Menurutnya, tindakan tersebut jelas melukai banyak perempuan korban KDRT yang sedang berjuang untuk mengakses keadilan.
“Tidak etis penderitaan orang dipakai bercandaan," kata penyintas KDRT Ema Nur Setiawati, Kamis (6/10/2022).
Anggota Support Grup Sekartaji itu menjelaskan, hal itu tidak etis lantaran perjuangan para korban untuk sampai ke kantor polisi dan mencari keadilan tidaklah mudah.
Baca juga: Sastrawan Eko Tunas Kagum Pelajar SMP di Tegal Giat Menulis Puisi
Baca juga: Bak Model Profesional, Wali Kota Pekalongan dan Istri Tampil Fashion Show Berbatik di Atas Truk
"Banyak hal yang harus dipertimbangkan dan risiko yang bakal dihadapi," tuturnya.
Senada, Bagi LRC-KJHAM konten video “ngeprank” polisi untuk laporan KDRT ini jelas mencederai upaya negara untuk memperkuat aparat penegak hukum.
Terutama kepolisian dalam menjalankan perannya dalam penegakan hukum bagi perempuan korban KDRT.
Konten video laporan palsu KDRT yang dilakukan oleh artis juga bertentangan dengan
upaya pemerintah dalam pencegahan KDRT sebagaimana diatur dalam pasal 12 UU No 23 tahun
2004.
Yakni menyelenggarakan komunikasi, informasi, dan edukasi tentang kekerasan dalam rumah
tangga.
"Kasus KDRT sangat tidak layak menjadi bahan bercandaan," jelas Kepala Divisi Informasi dan Dokumentasi Citra Ayu Kurniawati, kepada TribunMuria.com, Kamis (6/10/2022).
Untuk itu, LRC-KJHAM berharap agar kasus ini bisa diproses hukum.
Tujuannya supaya menjadi pembelajaran agar tidak membuat konten yang bertentangan dengan upaya penghapusan kekerasan terhadap perempuan.
Terlebih hal ini dilakukan oleh artis dengan akun sosial media yang diikuti oleh masyarakat.
"Pemerintah juga harus memperkuat upaya pencegahan kekerasan terhadap perempuan, termasuk KDRT yang terintegrasi dengan media komunikasi dan elektronik," jelasnya.
Di samping itu, Kasus KDRT merupakan di antara kasus kekerasan terhadap perempuan yang paling banyak mengadu ke LRC-KJHAM.
Berdasarkan data pengaduan kasus LRC-KJHAM di Tahun 2018 – September 2022 terdapat 143 kasus KDRT.
Korban mengalami kekerasan fisik seperti dipukuli, diseret, dibenturkan ke tembok, bahkan dibakar oleh suaminya.
Kekerasan psikis seperti dihina, dicaci maki dengan kata-kata kasar.

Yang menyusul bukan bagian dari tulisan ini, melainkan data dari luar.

(* Let $S\subset\mathbb{R}^n$ be a polyhedron and $U_0=\{A\in\mathbb{R}^{n\times n}\mid \mathrm{Tr}(V_j^TA)\le v_j,\ j=1,\dots,s\}$ a polyhedron of matrices, and let $S_0^\infty=\{x\in S\mid A^tx\in S\ \text{for all } A\in U_0 \text{ and all integers } t\ge1\}$. Suppose that $S$ is compact and $S_0^\infty$ is full-dimensional. Then $U_0$ is bounded and every matrix in $U_0$ has spectral radius less than or equal to one.
   Context: Full-dimensional means having nonempty interior. The spectral radius of a square matrix is the maximum modulus of its eigenvalues. *)

theory Defs
  imports "HOL-Analysis.Analysis"
begin

primrec matpow :: "real^'n^'n \<Rightarrow> nat \<Rightarrow> real^'n^'n" where
  "matpow A 0 = mat 1"
| "matpow A (Suc k) = A ** matpow A k"

definition complexify :: "real^'n^'n \<Rightarrow> complex^'n^'n" where
  "complexify A = (\<chi> i j. complex_of_real (A $ i $ j))"

definition eigenvalues_c :: "real^'n^'n \<Rightarrow> complex set" where
  "eigenvalues_c A = {c. \<exists>x::complex^'n. x \<noteq> 0 \<and> complexify A *v x = c *s x}"

definition spectral_radius_r :: "real^'n^'n \<Rightarrow> real" where
  "spectral_radius_r A = Max (cmod ` eigenvalues_c A)"

end

theory Submission
  imports Defs "HOL-Computational_Algebra.Fundamental_Theorem_Algebra"
begin

(* Some ball B(x0, r) lies in S0inf, and every power A^t with A in U0, t >= 1,
   maps it into the bounded set S. Hence the entries of all these powers are bounded by one
   constant depending only on S and r. Taking t = 1 bounds U0; and an eigenvalue l of A with
   |l| > 1 is impossible, since A^t z = l^t z would grow without bound for an eigenvector z. *)

definition char_poly_matrix :: "'a::comm_ring_1^'n^'n \<Rightarrow> 'a poly^'n^'n" where
  "char_poly_matrix B = (\<chi> i j. [:B $ i $ j:] - (if i = j then [:0, 1:] else 0))"

lemma poly_det_char_poly_matrix: "poly (det (char_poly_matrix B)) c = det (B - mat c)"
  unfolding det_def char_poly_matrix_def
  by (simp add: poly_sum poly_prod mat_def of_int_poly if_distrib[of "\<lambda>q. poly q c"] cong: if_cong)

lemma coeff_det_char_poly_matrix:
  "coeff (det (char_poly_matrix (B::'a::idom^'n^'n))) CARD('n) = (-1) ^ CARD('n)"
proof -
  let ?M = "char_poly_matrix B"
  let ?f = "\<lambda>p. of_int (sign p) * (\<Prod>i\<in>UNIV. ?M $ i $ p i)"
  have diag: "?M $ i $ i = [:B $ i $ i, -1:]" for i
    by (simp add: char_poly_matrix_def)
  have deg: "degree (?M $ i $ j) \<le> (if i = j then 1 else 0)" for i j
    by (auto simp: char_poly_matrix_def degree_add_le)
  \<comment> \<open>only the identity permutation picks all n diagonal entries of degree one\<close>
  have coeff_other: "coeff (?f p) CARD('n) = 0" if "p permutes UNIV" "p \<noteq> id" for p
  proof -
    obtain k where k: "p k \<noteq> k" using \<open>p \<noteq> id\<close> by (metis eq_id_iff)
    have "degree (\<Prod>i\<in>UNIV. ?M $ i $ p i) \<le> (\<Sum>i\<in>UNIV. (if i = p i then 1 else 0::nat))"
      by (rule order_trans[OF degree_prod_sum_le]) (auto intro!: sum_mono simp: deg)
    also have "\<dots> < (\<Sum>i\<in>(UNIV::'n set). 1::nat)"
      using k by (intro sum_strict_mono_ex1) (auto intro!: exI[of _ k])
    finally have "degree (\<Prod>i\<in>UNIV. ?M $ i $ p i) < CARD('n)" by simp
    then have "degree (?f p) < CARD('n)"
      by (metis (no_types) degree_mult_le le_less_trans add_0 degree_of_int)
    then show ?thesis by (simp add: coeff_eq_0)
  qed
  have coeff_id: "coeff (?f id) CARD('n) = (-1) ^ CARD('n)"
  proof -
    have "degree (\<Prod>i\<in>UNIV. ?M $ i $ id i) = CARD('n)"
      by (subst degree_prod_sum_eq) (auto simp: diag)
    moreover have "lead_coeff (\<Prod>i\<in>UNIV. ?M $ i $ id i) = (-1) ^ CARD('n)"
      by (simp add: lead_coeff_prod diag)
    ultimately show ?thesis by (simp add: sign_id)
  qed
  have "coeff (det ?M) CARD('n) = (\<Sum>p\<in>{p. p permutes UNIV}. coeff (?f p) CARD('n))"
    by (simp add: det_def coeff_sum)
  also have "\<dots> = coeff (?f id) CARD('n) + (\<Sum>p\<in>{p. p permutes UNIV} - {id}. coeff (?f p) CARD('n))"
    by (rule sum.remove) (simp_all add: finite_permutations permutes_id)
  also have "(\<Sum>p\<in>{p. p permutes UNIV} - {id}. coeff (?f p) CARD('n)) = 0"
    by (rule sum.neutral) (auto intro: coeff_other)
  finally show ?thesis using coeff_id by simp
qed

lemma matrix_vector_mult_mat: "mat c *v x = c *s (x::'a::comm_ring_1^'n)"
proof -
  have "(\<Sum>j\<in>UNIV. (if i = j then c else 0) * x $ j) = c * x $ i" for i
    by (simp add: if_distrib[of "\<lambda>u. u * x $ _"] cong: if_cong)
  then show ?thesis by (simp add: vec_eq_iff matrix_vector_mult_def mat_def)
qed

lemma eigenvalues_c_iff_det: "c \<in> eigenvalues_c A \<longleftrightarrow> det (complexify A - mat c) = 0"
proof -
  let ?B = "complexify A - mat c"
  have "det ?B \<noteq> 0 \<longleftrightarrow> inj ((*v) ?B)"
    using det_nz_iff_inj_gen[of "(*v) ?B"] by (simp add: matrix_of_matrix_vector_mul)
  also have "\<dots> \<longleftrightarrow> (\<forall>x. ?B *v x = 0 \<longrightarrow> x = 0)"
    by (rule vec.inj_iff_eq_0)
  finally show ?thesis
    by (auto simp: eigenvalues_c_def matrix_vector_mult_diff_rdistrib matrix_vector_mult_mat)
qed

lemma eigenvalues_c_finite_nonempty:
  fixes A :: "real^'n^'n"
  shows "finite (eigenvalues_c A)" and "eigenvalues_c A \<noteq> {}"
proof -
  define P where "P = det (char_poly_matrix (complexify A))"
  have roots: "eigenvalues_c A = {c. poly P c = 0}"
    by (simp add: set_eq_iff eigenvalues_c_iff_det P_def poly_det_char_poly_matrix)
  have "coeff P CARD('n) \<noteq> 0"
    by (simp add: P_def coeff_det_char_poly_matrix)
  then have "P \<noteq> 0" and "CARD('n) \<le> degree P"
    using le_degree by auto
  then have "0 < degree P"
    using order.strict_trans2 by fastforce
  with \<open>P \<noteq> 0\<close> show "finite (eigenvalues_c A)" and "eigenvalues_c A \<noteq> {}"
    unfolding roots using poly_roots_finite alg_closed_imp_poly_has_root by auto
qed

lemma complexify_matrix_mult: "complexify (A ** B) = complexify A ** complexify B"
  by (simp add: complexify_def matrix_matrix_mult_def vec_eq_iff)

lemma complexify_mat_1: "complexify (mat 1) = mat 1"
  by (simp add: complexify_def mat_def vec_eq_iff)

lemma complexify_matpow_eigenvector:
  assumes "complexify A *v z = l *s z"
  shows "complexify (matpow A t) *v z = l ^ t *s z"
proof (induction t)
  case 0
  then show ?case by (simp add: complexify_mat_1)
next
  case (Suc t)
  have "complexify (matpow A (Suc t)) *v z = complexify A *v (complexify (matpow A t) *v z)"
    by (simp add: complexify_matrix_mult matrix_vector_mul_assoc)
  also have "\<dots> = l ^ t *s (complexify A *v z)"
    by (simp add: Suc vec.scale)
  finally show ?case by (simp add: assms)
qed

lemma power_bounded_imp_le_1:
  fixes x :: real
  assumes "\<And>t. t \<ge> 1 \<Longrightarrow> x ^ t \<le> B"
  shows "x \<le> 1"
proof (rule ccontr)
  assume "\<not> x \<le> 1"
  then obtain n where "B < x ^ n"
    using real_arch_pow by (metis not_le)
  also have "\<dots> \<le> x ^ Suc n"
    using \<open>\<not> x \<le> 1\<close> by simp
  finally show False
    using assms[of "Suc n"] by simp
qed

lemma cmod_eigenvalue_le_1_if_matpow_bounded:
  assumes bounded: "\<And>t k j. t \<ge> 1 \<Longrightarrow> \<bar>matpow A t $ k $ j\<bar> \<le> C"
    and "l \<in> eigenvalues_c A"
  shows "cmod l \<le> 1"
proof -
  obtain z where z: "z \<noteq> 0" "complexify A *v z = l *s z"
    using \<open>l \<in> eigenvalues_c A\<close> by (auto simp: eigenvalues_c_def)
  obtain k where k: "z $ k \<noteq> 0"
    using z(1) by (metis vec_eq_iff zero_index)
  have "cmod l ^ t \<le> C * (\<Sum>j\<in>UNIV. cmod (z $ j)) / cmod (z $ k)" if "t \<ge> 1" for t
  proof -
    have "l ^ t * z $ k = (\<Sum>j\<in>UNIV. complex_of_real (matpow A t $ k $ j) * z $ j)"
      using complexify_matpow_eigenvector[OF z(2), of t]
      by (simp add: vec_eq_iff matrix_vector_mult_def complexify_def)
    then have "cmod l ^ t * cmod (z $ k) \<le> (\<Sum>j\<in>UNIV. \<bar>matpow A t $ k $ j\<bar> * cmod (z $ j))"
      by (metis (no_types, lifting) norm_sum norm_mult norm_power norm_of_real sum.cong)
    also have "\<dots> \<le> (\<Sum>j\<in>UNIV. C * cmod (z $ j))"
      by (intro sum_mono mult_right_mono bounded \<open>t \<ge> 1\<close>) simp
    finally show ?thesis
      using k by (simp add: sum_distrib_left pos_le_divide_eq)
  qed
  then show ?thesis
    by (rule power_bounded_imp_le_1)
qed

lemma spectral_radius_r_le_1_if_matpow_bounded:
  assumes "\<And>t k j. t \<ge> 1 \<Longrightarrow> \<bar>matpow A t $ k $ j\<bar> \<le> C"
  shows "spectral_radius_r A \<le> 1"
  unfolding spectral_radius_r_def
  using eigenvalues_c_finite_nonempty[of A] cmod_eigenvalue_le_1_if_matpow_bounded[OF assms]
  by (simp add: Max_le_iff)

lemma abs_matrix_entry_le_if_ball_image_bounded:
  fixes Q :: "real^'n^'m"
  assumes "r > 0" and bounded: "\<And>x. x \<in> ball x0 r \<Longrightarrow> norm (Q *v x) \<le> M"
  shows "\<bar>Q $ k $ j\<bar> \<le> 4 * M / r"
proof -
  define y where "y = (r / 2) *\<^sub>R (axis j 1 :: real^'n)"
  have "x0 \<in> ball x0 r" "x0 + y \<in> ball x0 r"
    using \<open>r > 0\<close> by (simp_all add: y_def dist_norm norm_axis_1)
  then have "norm (Q *v (x0 + y) - Q *v x0) \<le> 2 * M"
    using bounded by (smt (verit) norm_triangle_ineq4)
  then have "norm (Q *v y) \<le> 2 * M"
    by (simp add: matrix_vector_right_distrib)
  moreover have "(Q *v y) $ k = (r / 2) * Q $ k $ j"
    by (simp add: y_def matrix_vector_mult_def axis_def if_distrib[of "\<lambda>u. _ * u"] cong: if_cong)
  ultimately have "(r / 2) * \<bar>Q $ k $ j\<bar> \<le> 2 * M"
    using \<open>r > 0\<close> by (metis norm_bound_component_le_cart abs_mult abs_of_pos half_gt_zero)
  then show ?thesis
    using \<open>r > 0\<close> by (simp add: field_simps)
qed

lemma bounded_if_matrix_entries_bounded:
  fixes U :: "(real^'n^'m) set"
  assumes "\<And>A k j. A \<in> U \<Longrightarrow> \<bar>A $ k $ j\<bar> \<le> C"
  shows "bounded U"
  unfolding bounded_iff
proof (intro exI ballI)
  fix A assume "A \<in> U"
  have "norm A \<le> (\<Sum>k\<in>UNIV. norm (A $ k))"
    unfolding norm_vec_def by (rule L2_set_le_sum) simp
  also have "\<dots> \<le> (\<Sum>k\<in>UNIV. \<Sum>j\<in>UNIV. \<bar>A $ k $ j\<bar>)"
    by (intro sum_mono norm_le_l1_cart)
  also have "\<dots> \<le> (\<Sum>k\<in>(UNIV::'m set). \<Sum>j\<in>(UNIV::'n set). C)"
    using assms[OF \<open>A \<in> U\<close>] by (intro sum_mono) simp
  finally show "norm A \<le> (\<Sum>k\<in>(UNIV::'m set). \<Sum>j\<in>(UNIV::'n set). C)" .
qed

theorem proposition15:
  fixes S :: "(real^'n) set"
    and V :: "nat \<Rightarrow> real^'n^'n" and v :: "nat \<Rightarrow> real" and s :: nat
    and U0 :: "(real^'n^'n) set" and S0inf :: "(real^'n) set"
  assumes "polyhedron S"
    and U0_def: "U0 = {A. \<forall>j\<in>{1..s}. trace (transpose (V j) ** A) \<le> v j}"
    and S0inf_def: "S0inf = {x \<in> S. \<forall>A\<in>U0. \<forall>t::nat. t \<ge> 1 \<longrightarrow> matpow A t *v x \<in> S}"
    and "compact S"
    and "interior S0inf \<noteq> {}"
  shows "bounded U0 \<and> (\<forall>A\<in>U0. spectral_radius_r A \<le> 1)"
proof -
  obtain M where M: "\<And>x. x \<in> S \<Longrightarrow> norm x \<le> M"
    using compact_imp_bounded[OF \<open>compact S\<close>] bounded_iff by blast
  obtain x0 r where "r > 0" "ball x0 r \<subseteq> S0inf"
    using \<open>interior S0inf \<noteq> {}\<close> by (metis all_not_in_conv mem_interior)
  then have powers_bounded: "\<bar>matpow A t $ k $ j\<bar> \<le> 4 * M / r"
    if "A \<in> U0" "t \<ge> 1" for A t k j
    using that M unfolding S0inf_def by (intro abs_matrix_entry_le_if_ball_image_bounded) auto
  have "bounded U0"
    using powers_bounded[of _ 1] by (intro bounded_if_matrix_entries_bounded) (simp add: matrix_mul_rid)
  moreover have "spectral_radius_r A \<le> 1" if "A \<in> U0" for A
    using powers_bounded[OF that] by (rule spectral_radius_r_le_1_if_matpow_bounded)
  ultimately show ?thesis by blast
qed

end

Kekerasan seksual dengan cara dipaksa berhubungan seksual atau diperlakukan kasar pada saat berhubungan seksual.
Kemudian penelantaran ekonomi seperti tidak dinafkahi selama bertahun-tahun.
Para perempuan korban KDRT tersebut berjuang melepaskan belenggu kekerasan yang dialami selama bertahun-tahun.
"Berbagai upaya dilakukan demi melindungi anak-anak, keluarga bahkan melindungi nama baik suaminya (yang telah melakukan KDRT)," ujar Citra.
Mereka juga berjuang melawan stigma yang kuat di masyarakat, seperti anggap istri yang tidak menghormati suami.
Selain itu, ada yang menganggap menceritakan aib rumah tangga dan sebagainya.
Para korban KDRT ini juga berani melawan risiko menjalani proses hukum yang sulit dan panjang.
Baca juga: Disangka Korupsi Pembangunan Kantor Desa Rp750 Juta, Sriyanto Kades Tlogowutung Blora Ditahan
Tidak jarang laporan yang tidak diterima, diminta bersabar, atau berusaha didamaikan dengan pelaku.
Kendati peristiwa itu telah terjadi berulang kali.
Jikapun bisa diproses sampai putusan, putusan tersebut dirasa sangat tidak adil bagi korban.
"Maka tidak sebanding dengan penderitaan korban yang dialami selama bertahun-tahun," paparnya. (*)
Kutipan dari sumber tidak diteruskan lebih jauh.